The room took on the tone of a hospital, and I remember the humans being produced seemed to have 'scrubs' on in a sense. I was expecting an operating room experience for a moment, but it never went that way. Each being, which by the way were crammed in indescribable spatial configurations embodied the way things are, some embodied ill will, while others embodied love, but it was all too much to really receive. I was keeping my cool at this point. I kept repeating the mantra 'love', to show that that was all I brought and all I came in search of. It was all so dang familiar. There was scorn amongst this mess of oscillations, a scorning for not being appreciative of my physical existence.

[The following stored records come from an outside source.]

text \<open>Off the eigenspace, \<open>|h |P| - \<mu>|\<close> is bounded below, so the polynomial growth of
  \<open>\<langle>u, \<pi>(s) u\<rangle>\<close> in \<open>|P|\<close> is dominated by a high even power of \<open>\<pi>(J - \<mu>)\<close>.\<close>

lemma finner_piop_le_Jshift_pow:
  fixes s :: "'i::finite pol"
  assumes h: "0 < h" and mu: "0 \<le> \<mu>" and s: "s \<in> Bset"
    and Z: "\<And>u. u \<in> Fock \<Longrightarrow> (\<And>P. u P \<noteq> 0 \<Longrightarrow> h * real (mabs P) = \<mu>) \<Longrightarrow> finner h u (piop h s u) = 0"
  obtains C e where "0 \<le> C" "0 < e" "\<And>u. u \<in> Fock \<Longrightarrow> cmod (finner h u (piop h s u))
    \<le> C * (\<Sum>P\<in>{P. u P \<noteq> 0}. (cmod (u P))\<^sup>2 * fock_weight h P * (h * real (mabs P) - \<mu>) ^ (2 * e))"
proof -
  define k0 where "k0 = (\<Sum>p\<in>{p. s p \<noteq> 0}. mabs (snd p))"
  have k0: "mabs (snd p) \<le> k0" if "s p \<noteq> 0" for p
    unfolding k0_def using Bset_fin_supp[OF s] that by (intro member_le_sum[of p]) auto
  define e where "e = k0 + 1"
  define norm1 where "norm1 = (\<Sum>p\<in>{p. s p \<noteq> 0}. cmod (s p))"
  obtain Cw where Cw: "0 \<le> Cw"
    "\<And>d::nat. h * real d \<noteq> \<mu> \<Longrightarrow> (1 + h * real d) ^ k0 \<le> Cw * (h * real d - \<mu>) ^ (2 * e)"
    using level_gap_power_bound[OF h mu, of k0] unfolding e_def by blast
  have C0: "0 \<le> norm1 * Cw" using Cw(1) by (simp add: norm1_def sum_nonneg)
  have w0: "0 \<le> fock_weight h P" for P by (rule less_imp_le[OF fock_weight_pos[OF h]])
  have bound: "cmod (finner h u (piop h s u))
    \<le> norm1 * Cw * (\<Sum>P\<in>{P. u P \<noteq> 0}. (cmod (u P))\<^sup>2 * fock_weight h P * (h * real (mabs P) - \<mu>) ^ (2 * e))"
    if u: "u \<in> Fock" for u
  proof -
    define u2 where "u2 = (\<lambda>P. if h * real (mabs P) = \<mu> then 0 else u P)"
    have u2: "u2 \<in> Fock" using u unfolding Fock_def u2_def by (auto intro: finite_subset)
    have "cmod (finner h u (piop h s u)) = cmod (finner h u2 (piop h s u2))"
      unfolding u2_def by (subst finner_piop_off_level[OF s u Z]) simp_all
    also have "\<dots> \<le> norm1 * (\<Sum>P\<in>{P. u2 P \<noteq> 0}. (cmod (u2 P))\<^sup>2 * fock_weight h P * (1 + h * real (mabs P)) ^ k0)"
      unfolding norm1_def by (rule finner_piop_bound[OF h s u2 k0])
    also have "\<dots> \<le> norm1 * (\<Sum>P\<in>{P. u2 P \<noteq> 0}. (cmod (u P))\<^sup>2 * fock_weight h P * (Cw * (h * real (mabs P) - \<mu>) ^ (2 * e)))"
    proof (intro mult_left_mono sum_mono)
      fix P assume P: "P \<in> {P. u2 P \<noteq> 0}"
      hence "h * real (mabs P) \<noteq> \<mu>" and uP: "u2 P = u P" by (auto simp: u2_def split: if_splits)
      thus "(cmod (u2 P))\<^sup>2 * fock_weight h P * (1 + h * real (mabs P)) ^ k0
          \<le> (cmod (u P))\<^sup>2 * fock_weight h P * (Cw * (h * real (mabs P) - \<mu>) ^ (2 * e))"
        unfolding uP using Cw(2) w0[of P] by (intro mult_left_mono) auto
    qed (simp add: norm1_def sum_nonneg)
    also have "\<dots> \<le> norm1 * (\<Sum>P\<in>{P. u P \<noteq> 0}. (cmod (u P))\<^sup>2 * fock_weight h P * (Cw * (h * real (mabs P) - \<mu>) ^ (2 * e)))"
    proof (intro mult_left_mono sum_mono2)
      show "finite {P. u P \<noteq> 0}" using u by (simp add: Fock_def)
      show "{P. u2 P \<noteq> 0} \<subseteq> {P. u P \<noteq> 0}" by (auto simp: u2_def split: if_splits)
      fix P show "0 \<le> (cmod (u P))\<^sup>2 * fock_weight h P * (Cw * (h * real (mabs P) - \<mu>) ^ (2 * e))"
        using w0[of P] Cw(1) by (simp add: power_mult)
    qed (simp add: norm1_def sum_nonneg)
    finally show ?thesis by (simp add: sum_distrib_left mult_ac)
  qed
  show ?thesis using that[OF C0 _ bound] by (simp add: e_def)
qed

lemma Bplus_add_Jshift_pow:
  fixes s :: "'i::finite pol"
  assumes h: "0 < h" and mu: "0 \<le> \<mu>" and s: "s \<in> Bset" and hs: "hermitian s"
    and Z: "\<And>u. u \<in> Fock \<Longrightarrow> (\<And>P. u P \<noteq> 0 \<Longrightarrow> h * real (mabs P) = \<mu>) \<Longrightarrow> finner h u (piop h s u) = 0"
  obtains C e where "0 < e"
    "\<And>\<epsilon>. \<bar>\<epsilon>\<bar> = 1 \<Longrightarrow> padd (psmult (of_real \<epsilon>) s) (psmult (of_real C) (Jshift_pow h \<mu> (2 * e))) \<in> Bplus h"
proof -
  obtain C e where C0: "0 \<le> C" and e: "0 < e" and bound: "\<And>u. u \<in> Fock \<Longrightarrow> cmod (finner h u (piop h s u))
    \<le> C * (\<Sum>P\<in>{P. u P \<noteq> 0}. (cmod (u P))\<^sup>2 * fock_weight h P * (h * real (mabs P) - \<mu>) ^ (2 * e))"
    using finner_piop_le_Jshift_pow[OF h mu s Z] by blast
  let ?y = "Jshift_pow h \<mu> (2 * e) :: 'i pol"
  have fy: "fin_supp ?y" by (rule Bset_fin_supp[OF Bset_Jshift_pow])
  have "padd (psmult (of_real \<epsilon>) s) (psmult (of_real C) ?y) \<in> Bplus h" if eps: "\<bar>\<epsilon>\<bar> = 1" for \<epsilon>
  proof -
    let ?f = "padd (psmult (of_real \<epsilon>) s) (psmult (of_real C) ?y)"
    have "0 \<le> finner h u (piop h ?f u)" if u: "u \<in> Fock" for u
    proof -
      define X where "X = finner h u (piop h s u)"
      define Y where "Y = (\<Sum>P\<in>{P. u P \<noteq> 0}. (cmod (u P))\<^sup>2 * fock_weight h P * (h * real (mabs P) - \<mu>) ^ (2 * e))"
      have "piop h ?f u = (\<lambda>P. of_real \<epsilon> * piop h s u P + of_real C * (of_real ((h * real (mabs P) - \<mu>) ^ (2 * e)) * u P))"
        using Bset_fin_supp[OF s] fy
        by (simp add: fun_eq_iff piop_padd fin_supp_psmult piop_psmult piop_Jshift_pow)
      hence eq: "finner h u (piop h ?f u) = of_real \<epsilon> * X + of_real C * of_real Y"
        unfolding X_def Y_def by (simp only: finner_add_right finner_smult_right finner_diagonal)
      have "Im X = 0"
        using finner_piop_hermitian_real[OF Bset_fin_supp[OF s] hs u] unfolding X_def
        by (metis cnj.simps(2) complex_cnj_cancel_iff neg_equal_zero)
      moreover have "\<bar>\<epsilon> * Re X\<bar> \<le> C * Y"
        using abs_Re_le_cmod[of X] bound[OF u] eps by (simp add: X_def Y_def abs_mult)
      ultimately show ?thesis unfolding eq by (simp add: less_eq_complex_def)
    qed
    moreover have "?f \<in> Bset" by (simp add: Bset_padd Bset_psmult s Bset_Jshift_pow)
    moreover have "hermitian ?f"
      by (simp add: hermitian_padd hermitian_psmult_real hs hermitian_Jshift_pow[OF h])
    ultimately show ?thesis by (simp add: Bplus_def)
  qed
  thus ?thesis using that e by blast
qed
(* For every $m \ge 1$, the quotient $TW_{m+2}'/TW_{m+2}''$ is isomorphic to the free abelian group $\mathbb Z^{2m-1}$. In particular, $TW_{m+2}'$ is not perfect for any $m \ge 1$.
   Context: For $n \ge 2$, the twin group $TW_n$ is the group with generators $\tau_1,\dots,\tau_{n-1}$ and defining relations $\tau_i^2=1$ for all $i$, and $\tau_i\tau_j=\tau_j\tau_i$ whenever $|i-j|>1$. $G'$ denotes the commutator subgroup of a group $G$ and $G''=(G')'$. *)

theory Defs
  imports "HOL-Algebra.Algebra"
begin

text \<open>The twin group TW_n, given by its presentation: generators tau_1, ..., tau_(n-1),
  relations tau_i^2 = 1 and tau_i tau_j = tau_j tau_i for |i - j| > 1.
  Elements are equivalence classes of words (lists of generator indices in {1..n-1})
  modulo the congruence generated by the defining relations.\<close>

definition tw_words :: "nat \<Rightarrow> nat list set" where
  "tw_words n = {w. set w \<subseteq> {1..<n}}"

definition tw_step :: "nat \<Rightarrow> (nat list \<times> nat list) set" where
  "tw_step n =
     {(u @ [i, i] @ v, u @ v) | u v i. i \<in> {1..<n} \<and> u \<in> tw_words n \<and> v \<in> tw_words n}
   \<union> {(u @ [i, j] @ v, u @ [j, i] @ v) | u v i j.
        i \<in> {1..<n} \<and> j \<in> {1..<n} \<and> (i + 1 < j \<or> j + 1 < i)
        \<and> u \<in> tw_words n \<and> v \<in> tw_words n}"

definition tw_rel :: "nat \<Rightarrow> (nat list \<times> nat list) set" where
  "tw_rel n = (tw_step n \<union> (tw_step n)\<inverse>)\<^sup>* \<inter> (tw_words n \<times> tw_words n)"

definition twin_group :: "nat \<Rightarrow> nat list set monoid" where
  "twin_group n =
     \<lparr>carrier = tw_words n // tw_rel n,
      monoid.mult = (\<lambda>A B. \<Union>a\<in>A. \<Union>b\<in>B. tw_rel n `` {a @ b}),
      one = tw_rel n `` {[]}\<rparr>"

text \<open>Commutator subgroup G' = derived G (carrier G); G'' = derived G G'.\<close>

end

theory Submission
  imports Defs
begin

text \<open>
  Let \<open>n = m + 2\<close>, \<open>x\<^sub>i = (\<tau>\<^sub>i\<tau>\<^sub>i\<^sub>+\<^sub>1)\<^sup>2\<close> for \<open>1 \<le> i \<le> m\<close> and
  \<open>y\<^sub>k = \<tau>\<^sub>k x\<^sub>k\<^sub>+\<^sub>1 \<tau>\<^sub>k x\<^sub>k\<^sub>+\<^sub>1\<^sup>-\<^sup>1\<close> for \<open>1 \<le> k < m\<close>; these \<open>2m - 1\<close> elements lie in \<open>TW\<^sub>n'\<close>.
  Each commutator \<open>[\<tau>\<^sub>i, \<tau>\<^sub>j]\<close> is trivial or \<open>x\<^sub>m\<^sub>i\<^sub>n\<^sub>(\<^sub>i\<^sub>,\<^sub>j\<^sub>)\<^sup>\<plusminus>\<^sup>1\<close>, and a few word identities show that,
  modulo \<open>TW\<^sub>n''\<close>, conjugation by any \<open>\<tau>\<^sub>l\<close> maps the \<open>x\<^sub>i\<close> and \<open>y\<^sub>k\<close> into the subgroup they
  generate. As \<open>TW\<^sub>n'\<close> is the normal closure of the commutators of the generators, the \<open>x\<^sub>i\<close> and
  \<open>y\<^sub>k\<close> generate \<open>TW\<^sub>n'/TW\<^sub>n''\<close>.

  Conversely, reading a word from left to right while keeping track of which letters have occurred
  an odd number of times defines a homomorphism \<open>\<psi> : TW\<^sub>n' \<rightarrow> \<int>\<^sup>2\<^sup>m\<^sup>-\<^sup>1\<close>; it kills \<open>TW\<^sub>n''\<close> and
  maps the \<open>x\<^sub>i\<close> and \<open>y\<^sub>k\<close> to the standard basis, so it induces the isomorphism.
\<close>

section \<open>The twin group as a quotient of words\<close>

lemma tw_words_Nil [simp]: "[] \<in> tw_words n"
  by (simp add: tw_words_def)

lemma tw_words_Cons [simp]: "i # w \<in> tw_words n \<longleftrightarrow> i \<in> {1..<n} \<and> w \<in> tw_words n"
  by (auto simp: tw_words_def)

lemma tw_words_append [simp]: "u @ w \<in> tw_words n \<longleftrightarrow> u \<in> tw_words n \<and> w \<in> tw_words n"
  by (auto simp: tw_words_def)

lemma tw_words_rev [simp]: "rev w \<in> tw_words n \<longleftrightarrow> w \<in> tw_words n"
  by (auto simp: tw_words_def)

lemma tw_step_append:
  assumes "(x, y) \<in> tw_step n" "z \<in> tw_words n"
  shows "(x @ z, y @ z) \<in> tw_step n \<and> (z @ x, z @ y) \<in> tw_step n"
proof -
  { fix u v i assume c: "x = u @ [i, i] @ v" "y = u @ v" "i \<in> {1..<n}"
      "u \<in> tw_words n" "v \<in> tw_words n"
    have "(x @ z, y @ z) \<in> tw_step n"
      unfolding tw_step_def using c assms(2)
      by (intro UnI1 CollectI exI[of _ u] exI[of _ "v @ z"] exI[of _ i]) (auto simp: tw_words_def)
    moreover have "(z @ x, z @ y) \<in> tw_step n"
      unfolding tw_step_def using c assms(2)
      by (intro UnI1 CollectI exI[of _ "z @ u"] exI[of _ v] exI[of _ i]) (auto simp: tw_words_def)
    ultimately have ?thesis by blast }
  moreover
  { fix u v i j assume s: "x = u @ [i, j] @ v" "y = u @ [j, i] @ v" "i \<in> {1..<n}" "j \<in> {1..<n}"
      "i + 1 < j \<or> j + 1 < i" "u \<in> tw_words n" "v \<in> tw_words n"
    have "(x @ z, y @ z) \<in> tw_step n"
      unfolding tw_step_def using s assms(2)
      by (intro UnI2 CollectI exI[of _ u] exI[of _ "v @ z"] exI[of _ i] exI[of _ j]) (auto simp: tw_words_def)
    moreover have "(z @ x, z @ y) \<in> tw_step n"
      unfolding tw_step_def using s assms(2)
      by (intro UnI2 CollectI exI[of _ "z @ u"] exI[of _ v] exI[of _ i] exI[of _ j]) (auto simp: tw_words_def)
    ultimately have ?thesis by blast }
  ultimately show ?thesis using assms(1) unfolding tw_step_def by blast
qed

abbreviation tw_sym :: "nat \<Rightarrow> (nat list \<times> nat list) set" where
  "tw_sym n \<equiv> tw_step n \<union> (tw_step n)\<inverse>"

lemma tw_sym_rtrancl_append_right:
  assumes "(x, y) \<in> (tw_sym n)\<^sup>*" "z \<in> tw_words n"
  shows "(x @ z, y @ z) \<in> (tw_sym n)\<^sup>*"
  using assms(1)
proof (induction rule: rtrancl_induct)
  case (step y w)
  then show ?case using tw_step_append[OF _ assms(2)]
    by (meson UnE UnI1 UnI2 converse_iff rtrancl.rtrancl_into_rtrancl)
qed auto

lemma tw_sym_rtrancl_append_left:
  assumes "(x, y) \<in> (tw_sym n)\<^sup>*" "z \<in> tw_words n"
  shows "(z @ x, z @ y) \<in> (tw_sym n)\<^sup>*"
  using assms(1)
proof (induction rule: rtrancl_induct)
  case (step y w)
  then show ?case using tw_step_append[OF _ assms(2)]
    by (meson UnE UnI1 UnI2 converse_iff rtrancl.rtrancl_into_rtrancl)
qed auto

lemma tw_rel_iff:
  "(x, y) \<in> tw_rel n \<longleftrightarrow> (x, y) \<in> (tw_sym n)\<^sup>* \<and> x \<in> tw_words n \<and> y \<in> tw_words n"
  by (auto simp: tw_rel_def)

I remember gripping my body and feeling the unusual sensation of having one. Amongst the scorn and intensity, I remember thinking " :Why? Why do I come back? And why don't I learn?" I was answered by a presence that said it was Ok, that this was how one learns, it was a nurse-like presence. Strange this whole DMT thing isn't it?
The room slowly fizzled away. I was left with strange visuals of tentacles and creatures. I opened my eyes and noticed there was tears on the edges, whether from crying or just squeezing my eyes so hard I am unsure. I opened my eyes and saw the geometry and architecture of the room and physical existence.
The experience left me feeling more whole, my heart feeling like it was there again. Sometimes it takes a jolt of primal 'is-ness' to remind you of the privileges you have in this reality. I am tired, so I am sorry if there are grammar errors, run-ons, and the descriptions gobbledegook.
Also, I later went on this night and hung out with my girlfriend. We had some very open, meaningful conversations, and I made a point of telling her how much I loved and how she meant to me. Truth is, this might have been the more meaningful experience of my evening, speaking with my lover. I feel open again. I must return in time, when once again, darkness enters.